I guess we'd need a temporary tag or something to recover the right repo
to do that build in koji.
lbr () 
{ 
    koji rpminfo $1 | awk '$1 == "Buildroot:" { print $2 }' | xargs -n1 koji list-buildroot
}
diff -u <(lbr kernel-2.6.29.3-142.fc11.ppc64) <(koji list-buildroot 470988)

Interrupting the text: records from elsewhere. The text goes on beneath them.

lemma simpson_kernel_GL_integral:
  fixes h A B :: real
  assumes h: "h > 0"
  shows "((\<lambda>t. t * \<bar>3 * t - h\<bar> / 6 * (A * h / (h - t) + B * h / t))
           has_integral h^3 / 6 * ((6 * ln 2 - 4 * ln 3 + 7/24) * A + 5 * B / 24)) {0..h/2}"
proof -
  define F where "F t = A * (h / 6 * (3 * t^2 / 2 + 2 * h * t + 2 * h^2 * ln (h - t)))
                      + B * (h * (h * t - 3 * t^2 / 2) / 6)" for t
  have "((\<lambda>t. t * \<bar>3 * t - h\<bar> / 6 * (A * h / (h - t) + B * h / t))
          has_integral 2 * F (h/3) - F 0 - F (h/2)) {0..h/2}"
  proof (rule has_integral_antiderivative_sign_change)
    fix t assume t: "t \<in> {0<..<h/3}"
    then have "(F has_real_derivative t * (h - 3 * t) / 6 * (A * h / (h - t) + B * h / t)) (at t)"
      unfolding F_def by (auto intro!: derivative_eq_intros simp: field_simps power2_eq_square)
    moreover have "\<bar>3 * t - h\<bar> = h - 3 * t" using t by auto
    ultimately show "(F has_real_derivative t * \<bar>3 * t - h\<bar> / 6 * (A * h / (h - t) + B * h / t)) (at t)"
      by simp
  next
    fix t assume t: "t \<in> {h/3<..<h/2}"
    then have "(F has_real_derivative - (t * (3 * t - h) / 6 * (A * h / (h - t) + B * h / t))) (at t)"
      unfolding F_def by (auto intro!: derivative_eq_intros simp: field_simps power2_eq_square)
    moreover have "\<bar>3 * t - h\<bar> = 3 * t - h" using t by auto
    ultimately show "(F has_real_derivative - (t * \<bar>3 * t - h\<bar> / 6 * (A * h / (h - t) + B * h / t))) (at t)"
      by simp
  qed (use h in \<open>auto simp: F_def intro!: continuous_intros\<close>)
  moreover have "2 * F (h/3) - F 0 - F (h/2) = h^3 / 6 * ((6 * ln 2 - 4 * ln 3 + 7/24) * A + 5 * B / 24)"
  proof -
    have ln_third: "ln (h - h/3) = ln 2 + ln h - ln 3"
      using h ln_div[of "2 * h" 3] ln_mult[of 2 h] by simp
    have ln_half: "ln (h - h/2) = ln h - ln 2"
      using h ln_div[of h 2] by simp
    show ?thesis
      unfolding F_def ln_third ln_half diff_zero
      by (simp add: field_simps power3_eq_cube power2_eq_square)
  qed
  ultimately show ?thesis by simp
qed

lemma simpson_left_half_identity:
  fixes f f' f'' :: "real \<Rightarrow> real" and a h :: real
  assumes h: "h > 0"
    and f_cont: "continuous_on {a..a + h/2} f" and f'_cont: "continuous_on {a..a + h/2} f'"
    and f': "\<And>x. x \<in> {a<..<a + h/2} \<Longrightarrow> (f has_real_derivative f' x) (at x)"
    and f'': "\<And>x. x \<in> {a<..<a + h/2} \<Longrightarrow> (f' has_real_derivative f'' x) (at x)"
  shows "((\<lambda>x. (x - a) * (3 * (x - a) - h) / 6 * f'' x) has_integral
           h^2/24 * f' (a + h/2) - h/3 * f (a + h/2) - h/6 * f a + integral {a..a + h/2} f) {a..a + h/2}"
proof -
  define H where "H x = (x - a) * (3 * (x - a) - h) / 6 * f' x - ((x - a) - h/6) * f x" for x
  have kernel_minus_f: "((\<lambda>x. (x - a) * (3 * (x - a) - h) / 6 * f'' x - f x) has_integral H (a + h/2) - H a) {a..a + h/2}"
  proof (rule fundamental_theorem_of_calculus_interior)
    show "continuous_on {a..a + h/2} H"
      unfolding H_def by (auto intro!: continuous_intros f_cont f'_cont)
    fix x assume x: "x \<in> {a<..<a + h/2}"
    have "(H has_real_derivative (x - a) * (3 * (x - a) - h) / 6 * f'' x - f x) (at x)"
      unfolding H_def by (auto intro!: derivative_eq_intros f'[OF x] f''[OF x] simp: field_simps)
    then show "(H has_vector_derivative (x - a) * (3 * (x - a) - h) / 6 * f'' x - f x) (at x)"
      by (simp add: has_real_derivative_iff_has_vector_derivative)
  qed (use h in auto)
  have "(f has_integral integral {a..a + h/2} f) {a..a + h/2}"
    using f_cont by (intro integrable_integral integrable_continuous_real)
  from has_integral_add[OF kernel_minus_f this]
  have "((\<lambda>x. (x - a) * (3 * (x - a) - h) / 6 * f'' x) has_integral
                     H (a + h/2) - H a + integral {a..a + h/2} f) {a..a + h/2}"
    by simp
  moreover have "H (a + h/2) - H a = h^2/24 * f' (a + h/2) - h/3 * f (a + h/2) - h/6 * f a"
    by (simp add: H_def field_simps power2_eq_square)
  ultimately show ?thesis by simp
qed

lemma simpson_left_half_bound:
  fixes f f' f'' :: "real \<Rightarrow> real" and a h q A B :: real
  assumes h: "h > 0" and q: "q \<ge> 1"
    and f_cont: "continuous_on {a..a + h/2} f" and f'_cont: "continuous_on {a..a + h/2} f'"
    and f': "\<And>x. x \<in> {a<..<a + h/2} \<Longrightarrow> (f has_real_derivative f' x) (at x)"
    and f'': "\<And>x. x \<in> {a<..<a + h/2} \<Longrightarrow> (f' has_real_derivative f'' x) (at x)"
    and GL: "\<And>x. x \<in> {a<..a + h/2} \<Longrightarrow> \<bar>f'' x\<bar> powr q \<le> A * h / (h - (x - a)) + B * h / (x - a)"
  shows "\<bar>h^2/24 * f' (a + h/2) - h/3 * f (a + h/2) - h/6 * f a + integral {a..a + h/2} f\<bar>
           \<le> h^3 / 6 * (1/27) powr (1 - 1/q) * ((6 * ln 2 - 4 * ln 3 + 7/24) * A + 5 * B / 24) powr (1/q)"
proof -
  define k where "k = h^3 / 6"
  define X where "X = (6 * ln 2 - 4 * ln 3 + 7/24) * A + 5 * B / 24"
  define w where "w x = (x - a) * \<bar>3 * (x - a) - h\<bar> / 6" for x
  define G where "G x = w x * (A * h / (h - (x - a)) + B * h / (x - a))" for x
  have k: "k > 0" using h by (simp add: k_def)
  have w_int: "(w has_integral k / 27) {a..a + h/2}"
    using has_integral_shift_real_ivl[OF simpson_kernel_abs_integral[OF h], of "- a"]
    by (simp add: w_def[abs_def] k_def add.commute)
  have G_int: "(G has_integral k * X) {a..a + h/2}"
    using has_integral_shift_real_ivl[OF simpson_kernel_GL_integral[OF h, of A B], of "- a"]
    by (simp add: G_def[abs_def] w_def k_def X_def add.commute)
  have w_nonneg: "0 \<le> w x" if "x \<in> {a..a + h/2}" for x
    using that by (simp add: w_def)
  have G_ge: "w x * \<bar>f'' x\<bar> powr q \<le> G x" if x: "x \<in> {a..a + h/2}" for x
  proof (cases "x = a")
    case False
    with x have "x \<in> {a<..a + h/2}" by auto
    from GL[OF this] w_nonneg[OF x] show ?thesis
      unfolding G_def by (rule mult_left_mono)
  qed (simp add: G_def w_def)
  have "\<bar>h^2/24 * f' (a + h/2) - h/3 * f (a + h/2) - h/6 * f a + integral {a..a + h/2} f\<bar>
          \<le> (k / 27) powr (1 - 1/q) * (k * X) powr (1/q)"
  proof (rule has_integral_abs_le_powr_mean[OF q simpson_left_half_identity[OF h f_cont f'_cont f' f''] w_int G_int])
    show "k / 27 > 0" using k by simp
  next
    fix x assume x: "x \<in> {a..a + h/2}"
    show "\<bar>(x - a) * (3 * (x - a) - h) / 6 * f'' x\<bar> \<le> w x * \<bar>f'' x\<bar>"
      using x by (simp add: w_def abs_mult)
    show "0 \<le> w x" using w_nonneg[OF x] .
    show "w x * \<bar>f'' x\<bar> powr q \<le> G x" using G_ge[OF x] .
  qed
  also have "(k / 27) powr (1 - 1/q) * (k * X) powr (1/q) = k * (1/27) powr (1 - 1/q) * X powr (1/q)"
  proof -
    have "0 \<le> k * X"
      using G_int
    proof (rule has_integral_nonneg)
      fix x assume x: "x \<in> {a..a + h/2}"
      have "0 \<le> w x * \<bar>f'' x\<bar> powr q" using w_nonneg[OF x] by simp
      then show "0 \<le> G x" using G_ge[OF x] by linarith
    qed
    then have X: "X \<ge> 0" using k by (simp add: zero_le_mult_iff)
    have "(k / 27) powr (1 - 1/q) * (k * X) powr (1/q)
            = (k powr (1 - 1/q) * k powr (1/q)) * (1/27) powr (1 - 1/q) * X powr (1/q)"
      using k X by (simp add: powr_mult powr_divide)
    also have "k powr (1 - 1/q) * k powr (1/q) = k" using k by (simp add: powr_add[symmetric])
    finally show ?thesis .
  qed
  finally show ?thesis by (simp add: k_def X_def)
qed

lemma simpson_right_half_bound:
  fixes f f' f'' :: "real \<Rightarrow> real" and b h q A B :: real
  assumes h: "h > 0" and q: "q \<ge> 1"
    and f_cont: "continuous_on {b - h/2..b} f" and f'_cont: "continuous_on {b - h/2..b} f'"
    and f': "\<And>x. x \<in> {b - h/2<..<b} \<Longrightarrow> (f has_real_derivative f' x) (at x)"
    and f'': "\<And>x. x \<in> {b - h/2<..<b} \<Longrightarrow> (f' has_real_derivative f'' x) (at x)"
    and GL: "\<And>x. x \<in> {b - h/2..<b} \<Longrightarrow> \<bar>f'' x\<bar> powr q \<le> A * h / (h - (b - x)) + B * h / (b - x)"
  shows "\<bar>- (h^2/24) * f' (b - h/2) - h/3 * f (b - h/2) - h/6 * f b + integral {b - h/2..b} f\<bar>
           \<le> h^3 / 6 * (1/27) powr (1 - 1/q) * ((6 * ln 2 - 4 * ln 3 + 7/24) * A + 5 * B / 24) powr (1/q)"
proof -
  have reflect: "- y \<in> {b - h/2<..<b}" if "y \<in> {- b<..<- b + h/2}" for y
    using that by auto
  have "\<bar>h^2/24 * - f' (- (- b + h/2)) - h/3 * f (- (- b + h/2)) - h/6 * f (- (- b))
           + integral {- b..- b + h/2} (\<lambda>y. f (- y))\<bar>
         \<le> h^3 / 6 * (1/27) powr (1 - 1/q) * ((6 * ln 2 - 4 * ln 3 + 7/24) * A + 5 * B / 24) powr (1/q)"
  proof (rule simpson_left_half_bound[OF h q])
    show "continuous_on {- b..- b + h/2} (\<lambda>y. f (- y))"
      by (rule continuous_on_compose2[OF f_cont]) (auto intro!: continuous_intros)
    show "continuous_on {- b..- b + h/2} (\<lambda>y. - f' (- y))"
      by (intro continuous_intros continuous_on_compose2[OF f'_cont]) (auto intro!: continuous_intros)
    fix y assume y: "y \<in> {- b<..<- b + h/2}"
    show "((\<lambda>y. f (- y)) has_real_derivative - f' (- y)) (at y)"
      using DERIV_chain2[OF f'[OF reflect[OF y]] DERIV_minus[OF DERIV_ident]] by simp
    show "((\<lambda>y. - f' (- y)) has_real_derivative f'' (- y)) (at y)"
      using DERIV_minus[OF DERIV_chain2[OF f''[OF reflect[OF y]] DERIV_minus[OF DERIV_ident]]] by simp
  next
    fix y assume y: "y \<in> {- b<..- b + h/2}"
    then have "- y \<in> {b - h/2..<b}" by auto
    from GL[OF this] show "\<bar>f'' (- y)\<bar> powr q \<le> A * h / (h - (y - - b)) + B * h / (y - - b)"
      by (simp add: add.commute)
  qed
  moreover have "integral {- b..- b + h/2} (\<lambda>y. f (- y)) = integral {b - h/2..b} f"
    using Henstock_Kurzweil_Integration.integral_reflect_real[of b "b - h/2" f] by simp
  ultimately show ?thesis by simp
qed
(* Let $n\ge 2$ and consider the ladder system, i.e. the vector field $X_f=\sum_{i=1}^n x_i\big(\sum_{j=1}^n (1+i-j)\,x_j\big)\frac{\partial}{\partial x_i}$ on $\mathbf{C}^n$. Then for every $l,m\in\{1,\dots,n\}$ the vector field $$Y^l_m = x_m\, u^{\,l-m-1}\Big(D - u\,\frac{\partial}{\partial x_l}\Big)$$ is a Lie symmetry of the ladder system, i.e. $[X_f, Y^l_m]=0$ (on the open set $\{u\neq 0\}$, where the coefficients are defined).
   Context: Coordinates $x=(x_1,\dots,x_n)\in\mathbf{C}^n$. The $n$-dimensional homogeneous Lotka–Volterra (HLV) system with coefficients $a_{ij}\in\mathbf{C}$ is $\dot x_i = x_i\sum_{j=1}^n a_{ij}x_j$, $i=1,\dots,n$, identified with the vector field $X_f=\sum_i x_i\big(\sum_j a_{ij}x_j\big)\partial/\partial x_i$. The ladder system is the HLV system with $a_{ij}=1+i-j$ (matrix with first row $1,0,\dots,-n+2$ and last row $n,n-1,\dots,1$). Notation: $u=\sum_{j=1}^n x_j$ and $D=\sum_{j=1}^n x_j\,\partial/\partial x_j$. A vector field $X$ is a Lie symmetry of the system if $[X_f,X]=X_fX-XX_f=0$. *)

theory Defs
  imports "HOL-Analysis.Analysis"
begin

text \<open>Points of C^n are functions nat => complex; only coordinates 1..n matter.
  A vector field is a map from points to coefficient functions (coordinate i gives
  the coefficient of d/dx_i).\<close>

type_synonym vfield = "(nat \<Rightarrow> complex) \<Rightarrow> nat \<Rightarrow> complex"

definition pdiff :: "((nat \<Rightarrow> complex) \<Rightarrow> complex) \<Rightarrow> nat \<Rightarrow> (nat \<Rightarrow> complex) \<Rightarrow> complex" where
  "pdiff F k x = deriv (\<lambda>t. F (x(k := t))) (x k)"

definition lie_bracket :: "nat \<Rightarrow> vfield \<Rightarrow> vfield \<Rightarrow> vfield" where
  "lie_bracket n X Y x i =
     (\<Sum>k=1..n. X x k * pdiff (\<lambda>y. Y y i) k x - Y x k * pdiff (\<lambda>y. X y i) k x)"

definition hlv :: "nat \<Rightarrow> (nat \<Rightarrow> nat \<Rightarrow> complex) \<Rightarrow> vfield" where
  "hlv n a x i = x i * (\<Sum>j=1..n. a i j * x j)"

definition ladder_coeff :: "nat \<Rightarrow> nat \<Rightarrow> complex" where
  "ladder_coeff i j = of_int (1 + int i - int j)"

definition usum :: "nat \<Rightarrow> (nat \<Rightarrow> complex) \<Rightarrow> complex" where
  "usum n x = (\<Sum>j=1..n. x j)"

text \<open>Y^l_m = x_m u^(l-m-1) (D - u d/dx_l), D = sum x_j d/dx_j.\<close>
definition Ysym :: "nat \<Rightarrow> nat \<Rightarrow> nat \<Rightarrow> vfield" where
  "Ysym n l m x i = x m * (usum n x) powi (int l - int m - 1) *
       (x i - (if i = l then usum n x else 0))"

end

theory Submission
  imports Defs
begin

text \<open>Write \<open>Y\<^sup>l\<^sub>m = f E\<close> with \<open>f = x\<^sub>m u\<^bsup>l-m-1\<^esup>\<close> (\<open>ysym_factor\<close>) and
  \<open>E = D - u \<partial>/\<partial>x\<^sub>l\<close> (\<open>euler_shift\<close>), and put \<open>\<lambda> = l u - \<Sum>\<^sub>j j x\<^sub>j\<close>.
  For the ladder field \<open>X\<close> one has \<open>X(u) = u\<^sup>2\<close> and \<open>\<Sum>\<^sub>j a\<^sub>i\<^sub>j E\<^sub>j = \<lambda>\<close>, which give
  \<open>X(f) = \<lambda> f\<close> and \<open>[X, E] = -\<lambda> E\<close>; hence \<open>[X, f E] = X(f) E + f [X, E] = 0\<close>.\<close>

definition lie_deriv :: "nat \<Rightarrow> vfield \<Rightarrow> ((nat \<Rightarrow> complex) \<Rightarrow> complex) \<Rightarrow> (nat \<Rightarrow> complex) \<Rightarrow> complex" where
  "lie_deriv n X F x = (\<Sum>k=1..n. X x k * pdiff F k x)"

definition partially_differentiable :: "nat \<Rightarrow> ((nat \<Rightarrow> complex) \<Rightarrow> complex) \<Rightarrow> (nat \<Rightarrow> complex) \<Rightarrow> bool" where
  "partially_differentiable n F x \<longleftrightarrow>
     (\<forall>k\<in>{1..n}. (\<lambda>t. F (x(k := t))) field_differentiable at (x k))"

lemma lie_bracket_eq_lie_deriv:
  "lie_bracket n X Y x i = lie_deriv n X (\<lambda>y. Y y i) x - lie_deriv n Y (\<lambda>y. X y i) x"
  by (simp add: lie_bracket_def lie_deriv_def sum_subtractf)

lemma lie_deriv_scale_field:
  "lie_deriv n (\<lambda>y j. f y * Z y j) F x = f x * lie_deriv n Z F x"
  by (simp add: lie_deriv_def sum_distrib_left mult.assoc)

lemma partially_differentiable_mult:
  assumes "partially_differentiable n F x" "partially_differentiable n G x"
  shows "partially_differentiable n (\<lambda>y. F y * G y) x"
  using assms by (auto simp: partially_differentiable_def intro: field_differentiable_mult)

lemma lie_deriv_mult:
  assumes "partially_differentiable n F x" "partially_differentiable n G x"
  shows "lie_deriv n X (\<lambda>y. F y * G y) x = F x * lie_deriv n X G x + G x * lie_deriv n X F x"
proof -
  have "pdiff (\<lambda>y. F y * G y) k x = F x * pdiff G k x + G x * pdiff F k x" if "k \<in> {1..n}" for k
    using assms that by (simp add: pdiff_def partially_differentiable_def mult.commute)
  then show ?thesis
    by (simp add: lie_deriv_def algebra_simps sum.distrib sum_distrib_left)
qed

lemma lie_bracket_scale_right:
  assumes "partially_differentiable n f x" "partially_differentiable n (\<lambda>y. Z y i) x"
  shows "lie_bracket n X (\<lambda>y j. f y * Z y j) x i =
    lie_deriv n X f x * Z x i + f x * lie_bracket n X Z x i"
  using assms by (simp add: lie_bracket_eq_lie_deriv lie_deriv_mult lie_deriv_scale_field algebra_simps)

lemma partially_differentiable_power_int:
  assumes "partially_differentiable n F x" "F x \<noteq> 0"
  shows "partially_differentiable n (\<lambda>y. F y powi p) x"
  using assms unfolding partially_differentiable_def field_differentiable_def
  by (metis fun_upd_triv DERIV_power_int)

lemma lie_deriv_power_int:
  assumes "partially_differentiable n F x" "F x \<noteq> 0"
  shows "lie_deriv n X (\<lambda>y. F y powi p) x = of_int p * F x powi (p - 1) * lie_deriv n X F x"
proof -
  have "pdiff (\<lambda>y. F y powi p) k x = of_int p * F x powi (p - 1) * pdiff F k x"
    if "k \<in> {1..n}" for k
  proof -
    have "((\<lambda>t. F (x(k := t))) has_field_derivative pdiff F k x) (at (x k))"
      using assms(1) that unfolding partially_differentiable_def pdiff_def
      by (simp add: field_differentiable_derivI)
    from DERIV_power_int[OF this, of p] show ?thesis
      using assms(2) unfolding pdiff_def by (simp add: DERIV_imp_deriv)
  qed
  then show ?thesis
    by (simp add: lie_deriv_def sum_distrib_left mult_ac)
qed

lemma sum_delta_mult:
  "(j::nat) \<in> {1..n} \<Longrightarrow> (\<Sum>k=1..n. (if k = j then 1 else 0) * f k) = (f j :: 'a::semiring_1)"
  by (simp add: if_distrib[of "\<lambda>c. c * _"] cong: if_cong)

for the buildroot diffs from -142 to the scratch -142 (current buildroot).
Now you know what I know and we still know nothing.
Oh, and note the two variant crashes in different kernels are in different
routines in different builds, but always at PC 0xc000000000400000,
and always clobbered the next few words with:
    00001010 00000008 00001013 0000000f
The magic PAGE_OFFSET+4MB effect.  So, youse gots to wonder, and...
On 2.6.29.3-142.fc11.ppc64, which has "no problem", I built the appended module.
It printed this:
Instruction dump:
e8090000 f8410028 7f83e378 e9690010 7fa5eb78 7c0903a6 e8490008 4e800421 
<00001010> 00000008 00001013 0000000f 7961626f 6f740000 00101600 00000c00 
    			      ^^^^^^^^ ^^^^ <-- spells "yaboot"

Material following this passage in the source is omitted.